▸ WHAT THIS TASK INVOLVES:
Among the lines of the records, find all that carry the word "points" and copy them.

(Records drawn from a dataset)
(* Let $\mathbb{X}=\ell_4^2$. For $((x,y),(x_1,y_1))\in S_{\mathbb{X}}\times S_{\mathbb{X}}$, the pair $((x,y),(x_1,y_1))$ is not a CPP if and only if $xy=0$ and $x_1y_1\neq0$.
   Context: $\ell_4^2$ is $\mathbb{R}^2$ with norm $\|(a,b)\|=(a^4+b^4)^{1/4}$; $S_{\mathbb{X}}$ its unit sphere. $B(u,r)=\{v:\|v-u\|<r\}$. $u\perp_B v$ means $\|u+\lambda v\|\ge\|u\|$ for all real $\lambda$; $u^\perp=\{v:u\perp_Bv\}$. For $u,v\in S_{\mathbb{X}}$, $(u,v)$ is a CPP if there exist $r>0,\mu>0$ such that for all $z\in u^\perp\cap S_{\mathbb{X}}$, all $w\in v^\perp\cap S_{\mathbb{X}}$ and all $a,b\in\mathbb{R}$, $au+bz\in B(u,r)\cap S_{\mathbb{X}}$ implies $\|av+b\mu w\|\le1$. *)

theory Defs
  imports "HOL-Analysis.Analysis"
begin

definition l4norm :: "real \<times> real \<Rightarrow> real" where
  "l4norm p = root 4 ((fst p)^4 + (snd p)^4)"

definition l4sphere :: "(real \<times> real) set" where
  "l4sphere = {p. l4norm p = 1}"

definition l4ball :: "real \<times> real \<Rightarrow> real \<Rightarrow> (real \<times> real) set" where
  "l4ball u r = {v. l4norm (v - u) < r}"

definition bj_orth :: "real \<times> real \<Rightarrow> real \<times> real \<Rightarrow> bool" where
  "bj_orth u v \<longleftrightarrow> (\<forall>t::real. l4norm (u + t *\<^sub>R v) \<ge> l4norm u)"

definition orth_set :: "real \<times> real \<Rightarrow> (real \<times> real) set" where
  "orth_set u = {v. bj_orth u v}"

definition is_CPP :: "real \<times> real \<Rightarrow> real \<times> real \<Rightarrow> bool" where
  "is_CPP u v \<longleftrightarrow> (\<exists>r>0. \<exists>\<mu>>0.
     \<forall>z \<in> orth_set u \<inter> l4sphere. \<forall>w \<in> orth_set v \<inter> l4sphere. \<forall>a b :: real.
       a *\<^sub>R u + b *\<^sub>R z \<in> l4ball u r \<inter> l4sphere \<longrightarrow>
       l4norm (a *\<^sub>R v + (b * \<mu>) *\<^sub>R w) \<le> 1)"

end

theory Submission
  imports Defs
begin

text \<open>
  Work with the fourth power \<open>l4pow4\<close> of the norm. Since it is smooth and convex, Birkhoff-James
  orthogonality \<open>u \<perp>\<^sub>B z\<close> is the vanishing of its derivative, i.e. \<open>x\<^sup>3 z\<^sub>1 + y\<^sup>3 z\<^sub>2 = 0\<close>.
  For unit \<open>u \<perp>\<^sub>B z\<close> the sphere near \<open>u\<close> is described by
  \<open>1 = a\<^sup>4 + 6 a\<^sup>2 b\<^sup>2 C + 4 a b\<^sup>3 D + b\<^sup>4\<close>, with \<open>C = x\<^sup>2 z\<^sub>1\<^sup>2 + y\<^sup>2 z\<^sub>2\<^sup>2\<close> measuring
  curvature. At the axis points (\<open>x y = 0\<close>) one has \<open>C = D = 0\<close>: the sphere is flat to
  fourth order. Elsewhere \<open>C \<ge> x\<^sup>4 y\<^sup>1\<^sup>2 / 2 > 0\<close>. Comparing the expansions at \<open>u\<close> and at
  \<open>v\<close>: if \<open>u\<close> is curved, the term \<open>6 a\<^sup>2 b\<^sup>2 C\<close> at \<open>u\<close> dominates the whole
  expansion at \<open>v\<close> once \<open>\<mu>\<close> and the radius are small; if both points are flat, both
  sides equal \<open>a\<^sup>4 + b\<^sup>4\<close>; if \<open>u\<close> is flat but \<open>v\<close> is curved, the quadratic term
  \<open>6 a\<^sup>2 (b \<mu>)\<^sup>2 C\<close> at \<open>v\<close> beats \<open>b\<^sup>4\<close> for small \<open>b\<close>, whatever \<open>\<mu>\<close> is.
\<close>

definition l4pow4 :: "real \<times> real \<Rightarrow> real" where
  "l4pow4 p = fst p ^ 4 + snd p ^ 4"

▸ OUTPUT BELOW:
  curvature. At the axis points (\<open>x y = 0\<close>) one has \<open>C = D = 0\<close>: the sphere is flat to
  expansion at \<open>v\<close> once \<open>\<mu>\<close> and the radius are small; if both points are flat, both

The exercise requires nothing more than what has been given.